You could get an impression that this camera is full of drawbacks. But this is not exactly the case, Yashica Electro 35 GL is a great camera. And the issue of slow shutter speed is not a common occurrence in normal situations when there is enough light. Now I would prefer to get something similar but with an option to set the exposure manually, like Canon Canonet G-III QL17 or Konica Auto S2. Yashica Electro 35 costs much cheaper, and it is without a doubt worth its money.
It has an excellent sharp and fast 40mm F1.7 lens with pleasant bokeh, which has an ideal angle of view for classic street photography. The lens is single coated and equipped with a 5-blade aperture typical for such cameras. The front element of the lens is recessed into the body preventing the lens flare in most cases.
Overall, Yashica Electro 35 is a handy and compact camera, unnoticeable to others. You can wear it on a lanyard on your wrist, and it easily fits in a pocket and can be hidden while being completely ready to be put into action. In this case, you’d better not turn it off as the exposure system drains the power only when the shutter release button is depressed.
Yashica Electro 35 GL resources
- Yashica Electro 35: The “Pad of Death”
- Yashica Electro 35 GL by Photo Thinking. I recommend reading this solid and helpful review
- Video on how to modify batteries for Yashica Electro 35
- Yashica Electro 35 GL page by Mike Butkus
Thanks for reading! I would be very grateful if you point out my possible mistakes, add extra information, or just share your experience. Scroll down to the Leave a reply section and share your thoughts about it. Your opinion is important for me. I enjoy answering your questions as the answers may often benefit many other readers and the process of answering allows me to better piece together my existing knowledge and find ideas to improve my articles.
Such lovely results from this camera. I wonder how many Electros go unused because of the odd batteries they require.
Thank you! Not only Electros 😉
It was my first camera. Unfortunately I lost it or threw it away, I don’t know anymore, probably when I bought my Pentax spotmatic in the early 1970s.
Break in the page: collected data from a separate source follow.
(* Fix an instance $I=\{H,M,\mathbf r\}$ of the offline Notification Timing Problem with $M$ employees and $L=M$ shifts. Let $\mathcal X=\{\mathcal X_i\}_{i\in\mathcal E}$ be any preference profile, and let $B^{\mathcal X}(S)$ denote the total number of (realized) bumps produced by a feasible schedule $S$ under $\mathcal X$. Let $S^*_{\mathcal X}$ be a feasible schedule minimizing $B^{\mathcal X}(S)$, let $S^*_p$ be a feasible schedule minimizing the total number of potential bumps $P(S)$, and let $S^*_I$ be a feasible schedule minimizing $B^{\mathcal I}(S)$, where $\mathcal I$ is the identical-preference profile (all employees have the same strict ranking of shifts). Then $$B^{\mathcal X}(S^*_{\mathcal X})\;\le\; P(S^*_p)\;=\;B^{\mathcal I}(S^*_I).$$
   Context: Employees $\mathcal E=\{1,\dots,M\}$ are ordered by seniority ($i<j$ means $i$ is more senior). Each employee $i$ has a response delay $r_i\in\mathbb Z_{\ge0}$; the horizon is $H\in\mathbb Z_{>0}$. A schedule is $S=(s_i,e_i)_{i\in\mathcal E}$ with notification times $s_i\ge 0$ and response times $e_i=s_i+r_i$; it is feasible if $s_1\le s_2\le\dots\le s_M$ and $e_i\le H$ for all $i$. There are $L=M$ shifts $\mathcal L$, and each employee $i$ has a strict preference order $\mathcal X_i$ over all shifts. Assignment dynamics: responses are processed in increasing order of response time; employees responding at the same time are processed in order of seniority. When an employee $i$ responds (or is bumped), $i$ claims its most preferred shift among those not currently held by an employee more senior than $i$. If that shift is unoccupied, $i$ takes it; if it is held by a junior employee $j>i$, then $i$ takes it, $j$ is bumped (this counts as one bump), and $j$ immediately repeats the same rule; this may create a chain of bumps. If no shift is available, the employee gets no shift. The total number of bumps $B^{\mathcal X}(S)$ is the total number of such bump events over the whole process. Potential bumps: for a schedule $S$, $p_i=|\{j\in\mathcal E: i<j,\ e_i>e_j\}|$ and $P(S)=\sum_{i\in\mathcal E}p_i$ (the number of pairs in which a senior employee responds strictly later than a junior one). *)

theory Defs
  imports Main
begin

text \<open>Employees are 0,...,M-1 (smaller index = more senior);
shifts are 0,...,M-1 (L = M).  A preference profile assigns to each employee i
a list X i enumerating all shifts, most preferred first.  A schedule is given by
the notification times s :: nat => nat; response times are s i + r i.
An assignment maps each shift to its holder (if any).\<close>

type_synonym assignment = "nat \<Rightarrow> nat option"

definition valid_ranking :: "nat \<Rightarrow> nat list \<Rightarrow> bool" where
  "valid_ranking M xs \<longleftrightarrow> distinct xs \<and> set xs = {0..<M}"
I also regret having separated myself from the majority of my film cameras in the early 2000s. For 10 years now I have started analog photography again and very much regret having sold my leicas, my bronica and my rolleiflex … sad…
Forget about it, a more photos ahead! Btw, you make a great pinhole image!
Thank you, just bought one today, and I will keep referencing back to your blog to ensure I get things correctly.
Thanks for reading the article! You have made a great choice 😉
Excellent post about one of Yashica’s most popular cameras in their rangefinder series. I’ve never had much luck with these types of cameras – I personally prefer the Yashica TL Electro X as my go-to camera. Of course, the TL Electro X is far from being a good street camera unless you’re sitting on a bench with the camera prefocused and the aperture and shutter preset. I had great success while shooting in Japan in and around busy train stations.
I enjoy your blog and photography very much. Keep up the good work. – Chris
Thank you, Chris, for the feedback. I’ve not had too much luck with it also — the rangefinder focusing is still a challenge for me. My eyesight has deteriorated lately and I’m switched back to Pentax MZ-6 autofocus camera.
Amazing article 🙂 It helped me a lot and I enjoyed reading it.
I have a Yashica Electro 35 myself, but I believe the battery door is broken. The metal part of it has been ripped off and there is only the black plastic part left.
Do you think I can repair it (because I cannot find a replacement battery door)? If I remove the plastic part completely and put aluminum foil, will it work?
Thanks in advance!
Thank you so much for reading the article! I guess you could try filling the space remaining from the lost door with aluminum foil and fixing it with gluing tape. Why not try this?